[Records for processing — start]
lemma path_weight_le_tilted_product:
  assumes "\<beta> > 0" "\<delta> - \<beta>/2 \<le> b" "ks \<in> positive_paths N q"
  shows "path_prob \<beta> ks * exp ((\<delta> - \<beta>/2) * real_of_int (walk_X ks N))
    \<le> exp (- s * q * real N) *
       (\<Prod>i<N. P_beta \<beta> (ks ! i) * exp ((b + s * real (N - i) / real N) * real_of_int (ks ! i)))"
proof -
  define tilt where "tilt i = b + s * real (N - i) / real N" for i
  have len: "length ks = N" using assms by (simp add: positive_paths_def)
  have "path_prob \<beta> ks * exp ((\<delta> - \<beta>/2) * real_of_int (walk_X ks N))
      \<le> path_prob \<beta> ks * exp (b * real_of_int (walk_X ks N))"
    using walk_X_nonneg_positive_paths[OF assms(3), of N] path_prob_nonneg[OF assms(1)] assms(2)
    by (intro mult_left_mono) (auto intro!: mult_right_mono)
  also have "\<dots> = path_prob \<beta> ks * exp ((\<Sum>i<N. tilt i * real_of_int (ks ! i)) - s * q * real N)"
    using tilt_sum_positive_paths[OF assms(3), of b s] by (simp add: tilt_def)
  also have "\<dots> = exp (- s * q * real N) * (\<Prod>i<N. P_beta \<beta> (ks ! i) * exp (tilt i * real_of_int (ks ! i)))"
    by (simp add: path_prob_eq_prod_nth len exp_diff exp_sum prod.distrib exp_minus field_simps)
  finally show ?thesis by (simp add: tilt_def)
qed

text \<open>Exponential Chebyshev bound with the step-dependent tilt \<open>\<lambda>\<^sub>i = b + s (N - i)/N\<close>: since
  \<open>A\<^sub>N = \<Sum>\<^sub>i (N - i) k\<^sub>i\<close>, the tilt produces \<open>e\<^sup>s\<^sup>q\<^sup>N\<close> on the event, and \<open>X\<^sub>N \<ge> 0\<close> absorbs \<open>b \<ge> \<delta> - \<beta>/2\<close>.\<close>

lemma DD_le_prod_exp_log_mgf:
  assumes "\<beta> > 0" "\<delta> - \<beta>/2 \<le> b" "\<forall>i<N. \<bar>b + s * real (N - i) / real N\<bar> < \<beta>/2"
  shows "DD \<beta> N q \<delta> \<le> exp (- s * q * real N) * (\<Prod>i<N. exp (log_mgf \<beta> (b + s * real (N - i) / real N)))"
proof -
  define tilt where "tilt i = b + s * real (N - i) / real N" for i
  define K where "K = {- \<lceil>q * real N ^ 2\<rceil> .. \<lceil>q * real N ^ 2\<rceil>}"
  define T where "T ks = exp (- s * q * real N) * (\<Prod>i<N. P_beta \<beta> (ks ! i) * exp (tilt i * real_of_int (ks ! i)))" for ks
  define B where "B = {ks. set ks \<subseteq> K \<and> length ks = N}"
  have sub: "positive_paths N q \<subseteq> B"
    using positive_paths_steps_bounded by (auto simp: B_def K_def positive_paths_def)
  have "DD \<beta> N q \<delta> \<le> sum T (positive_paths N q)"
    unfolding DD_eq_sum_positive_paths T_def tilt_def
    by (intro sum_mono path_weight_le_tilted_product assms(1,2))
  also have "\<dots> \<le> sum T B"
  proof (rule sum_mono2[OF _ sub])
    show "finite B" unfolding B_def K_def by (rule finite_lists_length_eq) simp
    show "0 \<le> T ks" for ks
      unfolding T_def using P_beta_nonneg[OF assms(1)] by (auto intro!: prod_nonneg mult_nonneg_nonneg)
  qed
  also have "sum T B = exp (- s * q * real N) * (\<Prod>i<N. \<Sum>k\<in>K. P_beta \<beta> k * exp (tilt i * real_of_int k))"
    unfolding T_def B_def sum_distrib_left[symmetric]
    using sum_prod_lists_length_eq[of K "\<lambda>i k. P_beta \<beta> k * exp (tilt i * real_of_int k)" N]
    by (simp add: K_def)
  also have "\<dots> \<le> exp (- s * q * real N) * (\<Prod>i<N. exp (log_mgf \<beta> (tilt i)))"
    using assms P_beta_nonneg[OF assms(1)]
    by (intro mult_left_mono prod_mono conjI sum_nonneg sum_P_beta_mult_exp_le_exp_log_mgf)
       (auto simp: tilt_def K_def)
  finally show ?thesis by (simp add: tilt_def)
qed

lemma log_mgf_affine_lipschitz:
  assumes "0 \<le> m" "m < \<beta>/2" "\<forall>x\<in>{0..1}. \<bar>b + s * x\<bar> \<le> m"
  shows "(log_mgf_deriv \<beta> m * \<bar>s\<bar>)-lipschitz_on {0..1} (\<lambda>x. log_mgf \<beta> (b + s * x))"
proof (rule lipschitz_onI)
  fix x y :: real assume "x \<in> {0..1}" "y \<in> {0..1}"
  then have "\<bar>b + s * x\<bar> \<le> m" "\<bar>b + s * y\<bar> \<le> m" using assms(3) by auto
  then have "dist (log_mgf \<beta> (b + s * x)) (log_mgf \<beta> (b + s * y)) \<le> log_mgf_deriv \<beta> m * dist (b + s * x) (b + s * y)"
    by (intro lipschitz_onD[OF log_mgf_lipschitz[OF assms(1,2)]]) (auto simp: abs_le_iff)
  also have "dist (b + s * x) (b + s * y) = \<bar>s\<bar> * dist x y"
    by (simp add: dist_real_def abs_mult[symmetric] algebra_simps)
  finally show "dist (log_mgf \<beta> (b + s * x)) (log_mgf \<beta> (b + s * y)) \<le> log_mgf_deriv \<beta> m * \<bar>s\<bar> * dist x y"
    by (simp add: mult.assoc)
qed (use log_mgf_deriv_nonneg assms in auto)

lemma DD_le_exp_integral:
  assumes "\<beta> > 0" "\<delta> - \<beta>/2 \<le> b" "0 \<le> m" "m < \<beta>/2" and dom: "\<forall>x\<in>{0..1}. \<bar>b + s * x\<bar> \<le> m"
  shows "DD \<beta> N q \<delta>
    \<le> exp (log_mgf_deriv \<beta> m * \<bar>s\<bar>) * exp (real N * (integral {0..1} (\<lambda>x. log_mgf \<beta> (b + s * x)) - s * q))"
proof -
  have "\<forall>i<N. \<bar>b + s * real (N - i) / real N\<bar> < \<beta>/2"
  proof (intro allI impI)
    fix i assume "i < N"
    then have "real (N - i) / real N \<in> {0..1}" by auto
    then have "\<bar>b + s * (real (N - i) / real N)\<bar> \<le> m" using dom by blast
    then show "\<bar>b + s * real (N - i) / real N\<bar> < \<beta>/2" using assms(4) by simp
  qed
  from DD_le_prod_exp_log_mgf[OF assms(1,2) this]
  have "DD \<beta> N q \<delta> \<le> exp (- s * q * real N + (\<Sum>i<N. log_mgf \<beta> (b + s * real (N - i) / real N)))"
    by (simp only: exp_add exp_sum[OF finite_lessThan])
  also have "(\<Sum>i<N. log_mgf \<beta> (b + s * real (N - i) / real N)) = (\<Sum>j<N. log_mgf \<beta> (b + s * (real (Suc j) / real N)))"
    by (rule sum.nat_diff_reindex[symmetric, THEN trans]) (auto intro!: sum.cong simp: Suc_diff_Suc)
  also have "\<dots> \<le> real N * integral {0..1} (\<lambda>x. log_mgf \<beta> (b + s * x)) + log_mgf_deriv \<beta> m * \<bar>s\<bar>"
    by (rule right_riemann_sum_le_integral[OF log_mgf_affine_lipschitz[OF assms(3,4) dom]])
  finally show ?thesis
    by (simp add: exp_add[symmetric] algebra_simps)
qed


lemma s_delta_regime_bounds:
  assumes "\<beta> > 0" "\<delta> < \<beta>" "0 < q" "q \<le> q2" "delta0 \<beta> q < \<delta>"
  shows "0 < \<delta> \<and> \<beta> - 2*\<delta> \<le> s_delta \<beta> \<delta> q \<and> s_delta \<beta> \<delta> q \<le> s_delta \<beta> \<delta> q2 \<and> s_delta \<beta> \<delta> q2 < \<beta> - \<delta>"
proof (intro conjI)
  show \<delta>_pos: "0 < \<delta>"
    using assms(5) h_tilde_root[OF assms(1,3)] by (simp add: delta0_def)
  show "\<beta> - 2*\<delta> \<le> s_delta \<beta> \<delta> q"
    using s_delta_root[OF \<delta>_pos assms(2,3,5)] by (rule conjunct1)
  show "s_delta \<beta> \<delta> q \<le> s_delta \<beta> \<delta> q2"
    by (rule s_delta_mono[OF \<delta>_pos assms(2-5)])
  have "delta0 \<beta> q2 < \<delta>" using delta0_antimono[OF assms(1,3,4)] assms(5) by simp
  then show "s_delta \<beta> \<delta> q2 < \<beta> - \<delta>"
    using s_delta_root[OF \<delta>_pos assms(2), of q2] assms(3,4) by simp
qed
[Records for processing — finish]
Go through the entries and copy every line that has "also".

  also have "\<dots> = path_prob \<beta> ks * exp ((\<Sum>i<N. tilt i * real_of_int (ks ! i)) - s * q * real N)"
  also have "\<dots> = exp (- s * q * real N) * (\<Prod>i<N. P_beta \<beta> (ks ! i) * exp (tilt i * real_of_int (ks ! i)))"
  also have "\<dots> \<le> sum T B"
  also have "sum T B = exp (- s * q * real N) * (\<Prod>i<N. \<Sum>k\<in>K. P_beta \<beta> k * exp (tilt i * real_of_int k))"
  also have "\<dots> \<le> exp (- s * q * real N) * (\<Prod>i<N. exp (log_mgf \<beta> (tilt i)))"
  also have "dist (b + s * x) (b + s * y) = \<bar>s\<bar> * dist x y"
  also have "(\<Sum>i<N. log_mgf \<beta> (b + s * real (N - i) / real N)) = (\<Sum>j<N. log_mgf \<beta> (b + s * (real (Suc j) / real N)))"
  also have "\<dots> \<le> real N * integral {0..1} (\<lambda>x. log_mgf \<beta> (b + s * x)) + log_mgf_deriv \<beta> m * \<bar>s\<bar>"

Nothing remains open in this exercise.